§ What you should do:
The output should be every line below that includes the word "closed".

§ Input records:
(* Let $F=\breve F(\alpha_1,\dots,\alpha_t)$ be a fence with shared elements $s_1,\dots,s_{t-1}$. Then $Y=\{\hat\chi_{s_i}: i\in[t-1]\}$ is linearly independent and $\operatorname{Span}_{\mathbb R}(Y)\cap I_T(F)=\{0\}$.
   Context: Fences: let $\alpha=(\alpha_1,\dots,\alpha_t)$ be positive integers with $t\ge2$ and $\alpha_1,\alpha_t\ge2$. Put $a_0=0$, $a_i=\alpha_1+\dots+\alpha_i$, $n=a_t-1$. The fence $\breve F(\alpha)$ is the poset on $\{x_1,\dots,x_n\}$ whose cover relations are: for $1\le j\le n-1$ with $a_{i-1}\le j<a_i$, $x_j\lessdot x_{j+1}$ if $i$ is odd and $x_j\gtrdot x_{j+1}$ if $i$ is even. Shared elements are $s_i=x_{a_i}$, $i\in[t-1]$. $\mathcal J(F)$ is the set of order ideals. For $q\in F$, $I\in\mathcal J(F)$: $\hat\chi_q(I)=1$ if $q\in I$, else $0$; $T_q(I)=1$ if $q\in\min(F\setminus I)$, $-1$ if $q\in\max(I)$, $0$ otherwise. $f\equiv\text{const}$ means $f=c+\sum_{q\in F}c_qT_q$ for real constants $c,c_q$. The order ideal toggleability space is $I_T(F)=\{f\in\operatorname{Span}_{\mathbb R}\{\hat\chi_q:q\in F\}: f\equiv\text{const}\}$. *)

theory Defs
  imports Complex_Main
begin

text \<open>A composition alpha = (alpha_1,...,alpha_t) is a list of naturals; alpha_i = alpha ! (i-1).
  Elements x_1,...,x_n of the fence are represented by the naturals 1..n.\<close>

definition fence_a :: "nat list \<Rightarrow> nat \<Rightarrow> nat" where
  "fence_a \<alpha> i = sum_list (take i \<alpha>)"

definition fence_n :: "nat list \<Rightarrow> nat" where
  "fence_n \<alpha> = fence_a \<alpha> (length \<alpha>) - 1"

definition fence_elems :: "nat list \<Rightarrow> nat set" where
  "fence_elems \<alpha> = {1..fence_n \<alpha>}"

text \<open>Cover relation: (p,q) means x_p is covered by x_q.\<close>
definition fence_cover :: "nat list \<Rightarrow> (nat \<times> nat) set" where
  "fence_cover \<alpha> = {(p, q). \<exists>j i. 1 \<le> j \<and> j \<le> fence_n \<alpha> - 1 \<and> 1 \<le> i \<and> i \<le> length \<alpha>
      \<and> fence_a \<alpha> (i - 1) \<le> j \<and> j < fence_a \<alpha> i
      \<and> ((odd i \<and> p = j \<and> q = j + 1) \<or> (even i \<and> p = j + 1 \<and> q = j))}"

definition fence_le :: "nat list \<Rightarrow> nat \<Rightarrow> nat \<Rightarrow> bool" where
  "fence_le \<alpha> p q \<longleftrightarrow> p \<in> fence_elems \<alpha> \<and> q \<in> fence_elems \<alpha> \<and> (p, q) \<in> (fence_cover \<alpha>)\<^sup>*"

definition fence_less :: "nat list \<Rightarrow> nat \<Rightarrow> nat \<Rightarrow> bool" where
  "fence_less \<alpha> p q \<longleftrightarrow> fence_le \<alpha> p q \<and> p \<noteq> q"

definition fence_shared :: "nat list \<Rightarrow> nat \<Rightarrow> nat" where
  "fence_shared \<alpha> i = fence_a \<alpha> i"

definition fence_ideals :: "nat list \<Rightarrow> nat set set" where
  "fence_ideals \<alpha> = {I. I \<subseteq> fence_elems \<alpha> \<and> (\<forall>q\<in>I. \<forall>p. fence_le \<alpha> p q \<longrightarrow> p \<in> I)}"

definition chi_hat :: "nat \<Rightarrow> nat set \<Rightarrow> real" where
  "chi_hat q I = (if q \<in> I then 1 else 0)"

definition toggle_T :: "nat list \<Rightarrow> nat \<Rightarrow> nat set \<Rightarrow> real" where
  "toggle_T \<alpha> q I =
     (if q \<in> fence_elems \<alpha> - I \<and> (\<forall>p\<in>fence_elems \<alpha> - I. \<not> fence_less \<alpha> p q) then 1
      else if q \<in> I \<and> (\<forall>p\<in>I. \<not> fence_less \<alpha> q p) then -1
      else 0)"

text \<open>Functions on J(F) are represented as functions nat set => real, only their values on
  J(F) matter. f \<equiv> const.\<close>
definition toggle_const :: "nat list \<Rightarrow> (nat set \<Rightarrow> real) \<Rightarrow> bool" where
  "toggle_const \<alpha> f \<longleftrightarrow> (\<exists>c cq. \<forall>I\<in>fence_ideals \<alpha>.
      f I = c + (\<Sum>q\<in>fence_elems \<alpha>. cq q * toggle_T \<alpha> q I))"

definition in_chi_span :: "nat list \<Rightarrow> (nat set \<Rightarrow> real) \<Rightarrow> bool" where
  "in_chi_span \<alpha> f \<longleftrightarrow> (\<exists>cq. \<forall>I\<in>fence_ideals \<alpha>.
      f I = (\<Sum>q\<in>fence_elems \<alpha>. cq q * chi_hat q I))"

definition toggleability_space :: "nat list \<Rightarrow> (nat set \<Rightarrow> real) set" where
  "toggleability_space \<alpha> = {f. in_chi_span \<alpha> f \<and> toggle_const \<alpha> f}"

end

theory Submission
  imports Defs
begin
---
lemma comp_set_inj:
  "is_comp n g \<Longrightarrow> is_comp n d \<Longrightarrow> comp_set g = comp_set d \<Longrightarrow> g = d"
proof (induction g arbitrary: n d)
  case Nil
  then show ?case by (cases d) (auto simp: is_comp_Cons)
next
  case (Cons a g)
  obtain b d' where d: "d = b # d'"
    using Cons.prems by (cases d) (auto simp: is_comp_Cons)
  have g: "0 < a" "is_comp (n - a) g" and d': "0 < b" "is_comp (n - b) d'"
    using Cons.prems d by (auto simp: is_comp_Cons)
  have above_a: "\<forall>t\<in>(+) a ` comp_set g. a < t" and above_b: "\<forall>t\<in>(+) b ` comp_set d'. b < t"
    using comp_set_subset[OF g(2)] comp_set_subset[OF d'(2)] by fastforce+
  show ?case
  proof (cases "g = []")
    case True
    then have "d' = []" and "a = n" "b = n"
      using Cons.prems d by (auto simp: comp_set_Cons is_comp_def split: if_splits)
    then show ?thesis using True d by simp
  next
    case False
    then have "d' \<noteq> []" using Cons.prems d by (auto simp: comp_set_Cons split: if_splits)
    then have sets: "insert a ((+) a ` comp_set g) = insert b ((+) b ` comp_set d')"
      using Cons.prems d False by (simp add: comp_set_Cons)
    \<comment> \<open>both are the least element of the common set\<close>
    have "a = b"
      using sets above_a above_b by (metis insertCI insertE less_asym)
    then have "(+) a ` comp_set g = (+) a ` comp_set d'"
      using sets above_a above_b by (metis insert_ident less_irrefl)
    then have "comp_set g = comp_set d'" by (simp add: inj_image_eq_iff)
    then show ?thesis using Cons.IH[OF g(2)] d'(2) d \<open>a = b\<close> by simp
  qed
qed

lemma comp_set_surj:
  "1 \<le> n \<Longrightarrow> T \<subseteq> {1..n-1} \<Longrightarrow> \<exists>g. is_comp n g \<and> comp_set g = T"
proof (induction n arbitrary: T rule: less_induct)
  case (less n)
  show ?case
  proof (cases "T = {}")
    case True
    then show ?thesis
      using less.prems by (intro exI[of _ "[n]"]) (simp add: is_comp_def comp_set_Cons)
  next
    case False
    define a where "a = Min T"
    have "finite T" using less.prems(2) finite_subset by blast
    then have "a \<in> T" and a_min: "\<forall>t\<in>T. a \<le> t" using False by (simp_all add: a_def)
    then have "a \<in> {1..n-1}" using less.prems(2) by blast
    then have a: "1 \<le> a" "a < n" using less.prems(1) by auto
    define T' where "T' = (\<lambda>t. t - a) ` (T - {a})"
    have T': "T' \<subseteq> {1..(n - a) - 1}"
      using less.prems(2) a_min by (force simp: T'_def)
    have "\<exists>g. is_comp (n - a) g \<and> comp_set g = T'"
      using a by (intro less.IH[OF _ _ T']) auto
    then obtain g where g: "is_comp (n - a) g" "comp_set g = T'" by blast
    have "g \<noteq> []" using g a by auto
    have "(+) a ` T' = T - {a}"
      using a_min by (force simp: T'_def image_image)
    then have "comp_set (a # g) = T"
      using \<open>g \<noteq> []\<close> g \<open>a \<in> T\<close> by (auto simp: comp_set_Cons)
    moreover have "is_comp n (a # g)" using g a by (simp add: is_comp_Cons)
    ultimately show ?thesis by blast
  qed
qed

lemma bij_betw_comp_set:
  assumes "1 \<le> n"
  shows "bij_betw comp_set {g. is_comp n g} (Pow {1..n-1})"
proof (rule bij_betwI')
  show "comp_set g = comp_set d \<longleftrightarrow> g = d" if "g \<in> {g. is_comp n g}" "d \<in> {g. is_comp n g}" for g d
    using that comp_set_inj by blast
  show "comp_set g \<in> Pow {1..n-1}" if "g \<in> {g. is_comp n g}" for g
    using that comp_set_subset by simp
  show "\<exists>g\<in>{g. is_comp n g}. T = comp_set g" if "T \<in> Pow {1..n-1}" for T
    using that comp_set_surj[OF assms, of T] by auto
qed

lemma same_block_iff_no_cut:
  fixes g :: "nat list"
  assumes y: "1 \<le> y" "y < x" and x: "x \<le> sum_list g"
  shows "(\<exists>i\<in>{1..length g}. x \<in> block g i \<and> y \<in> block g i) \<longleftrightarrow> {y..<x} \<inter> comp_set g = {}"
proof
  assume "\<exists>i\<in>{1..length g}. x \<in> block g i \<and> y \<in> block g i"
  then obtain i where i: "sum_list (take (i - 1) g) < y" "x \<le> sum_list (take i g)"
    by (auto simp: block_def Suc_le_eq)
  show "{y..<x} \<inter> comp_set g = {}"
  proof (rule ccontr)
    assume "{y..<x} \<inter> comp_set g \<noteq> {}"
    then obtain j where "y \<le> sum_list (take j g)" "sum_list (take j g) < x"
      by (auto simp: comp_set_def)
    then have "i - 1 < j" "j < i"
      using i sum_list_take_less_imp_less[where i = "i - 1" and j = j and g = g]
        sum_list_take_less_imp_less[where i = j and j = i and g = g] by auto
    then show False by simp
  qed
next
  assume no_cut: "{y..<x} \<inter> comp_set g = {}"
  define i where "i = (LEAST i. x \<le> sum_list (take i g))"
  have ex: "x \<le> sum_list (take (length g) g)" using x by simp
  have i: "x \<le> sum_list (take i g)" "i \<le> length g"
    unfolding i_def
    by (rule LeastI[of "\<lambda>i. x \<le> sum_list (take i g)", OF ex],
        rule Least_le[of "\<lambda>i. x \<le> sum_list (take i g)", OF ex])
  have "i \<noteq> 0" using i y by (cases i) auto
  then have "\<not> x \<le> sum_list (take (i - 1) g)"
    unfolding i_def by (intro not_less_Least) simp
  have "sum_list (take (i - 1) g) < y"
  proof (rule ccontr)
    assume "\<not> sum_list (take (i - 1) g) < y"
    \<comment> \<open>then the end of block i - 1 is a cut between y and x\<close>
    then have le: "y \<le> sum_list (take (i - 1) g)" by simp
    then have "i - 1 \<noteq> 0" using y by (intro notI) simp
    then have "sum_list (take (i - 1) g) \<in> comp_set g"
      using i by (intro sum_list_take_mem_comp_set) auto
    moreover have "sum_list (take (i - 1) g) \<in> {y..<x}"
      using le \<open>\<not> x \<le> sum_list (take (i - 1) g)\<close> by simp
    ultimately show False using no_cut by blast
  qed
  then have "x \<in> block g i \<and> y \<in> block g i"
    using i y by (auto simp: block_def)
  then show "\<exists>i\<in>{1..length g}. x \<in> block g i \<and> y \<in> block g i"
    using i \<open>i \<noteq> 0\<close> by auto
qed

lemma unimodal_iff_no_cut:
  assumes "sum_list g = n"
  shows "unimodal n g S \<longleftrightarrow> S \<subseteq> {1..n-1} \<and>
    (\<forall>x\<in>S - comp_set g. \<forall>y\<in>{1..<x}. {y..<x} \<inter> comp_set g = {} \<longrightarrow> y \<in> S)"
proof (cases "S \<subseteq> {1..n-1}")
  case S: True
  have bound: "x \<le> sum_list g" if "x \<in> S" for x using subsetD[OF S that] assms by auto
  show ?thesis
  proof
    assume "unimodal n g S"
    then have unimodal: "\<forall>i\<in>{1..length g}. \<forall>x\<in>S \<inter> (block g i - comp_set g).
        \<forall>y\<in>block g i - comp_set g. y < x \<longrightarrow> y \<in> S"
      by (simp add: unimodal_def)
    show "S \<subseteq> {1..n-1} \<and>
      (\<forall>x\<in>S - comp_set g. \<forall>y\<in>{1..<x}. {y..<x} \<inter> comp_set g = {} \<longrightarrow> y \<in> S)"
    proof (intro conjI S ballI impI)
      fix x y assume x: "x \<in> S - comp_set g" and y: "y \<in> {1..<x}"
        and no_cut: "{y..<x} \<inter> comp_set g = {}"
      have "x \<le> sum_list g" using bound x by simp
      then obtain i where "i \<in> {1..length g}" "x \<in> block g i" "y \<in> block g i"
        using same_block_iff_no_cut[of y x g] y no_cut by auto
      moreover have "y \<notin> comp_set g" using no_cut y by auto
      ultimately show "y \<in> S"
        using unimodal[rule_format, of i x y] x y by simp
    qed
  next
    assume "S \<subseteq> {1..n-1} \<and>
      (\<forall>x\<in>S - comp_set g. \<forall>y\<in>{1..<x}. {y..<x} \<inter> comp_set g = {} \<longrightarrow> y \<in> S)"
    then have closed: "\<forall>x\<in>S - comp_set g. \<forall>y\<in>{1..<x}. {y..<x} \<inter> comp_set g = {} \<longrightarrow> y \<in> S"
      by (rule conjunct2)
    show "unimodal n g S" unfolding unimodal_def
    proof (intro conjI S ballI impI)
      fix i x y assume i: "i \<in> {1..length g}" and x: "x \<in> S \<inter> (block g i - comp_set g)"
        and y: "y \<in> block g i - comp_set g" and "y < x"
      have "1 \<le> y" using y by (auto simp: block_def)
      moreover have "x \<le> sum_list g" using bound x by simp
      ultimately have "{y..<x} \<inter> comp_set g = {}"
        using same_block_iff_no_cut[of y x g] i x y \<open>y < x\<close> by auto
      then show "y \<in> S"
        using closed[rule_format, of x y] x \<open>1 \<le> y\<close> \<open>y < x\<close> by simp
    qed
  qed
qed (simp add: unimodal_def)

§ Response:
    then have closed: "\<forall>x\<in>S - comp_set g. \<forall>y\<in>{1..<x}. {y..<x} \<inter> comp_set g = {} \<longrightarrow> y \<in> S"
        using closed[rule_format, of x y] x \<open>1 \<le> y\<close> \<open>y < x\<close> by simp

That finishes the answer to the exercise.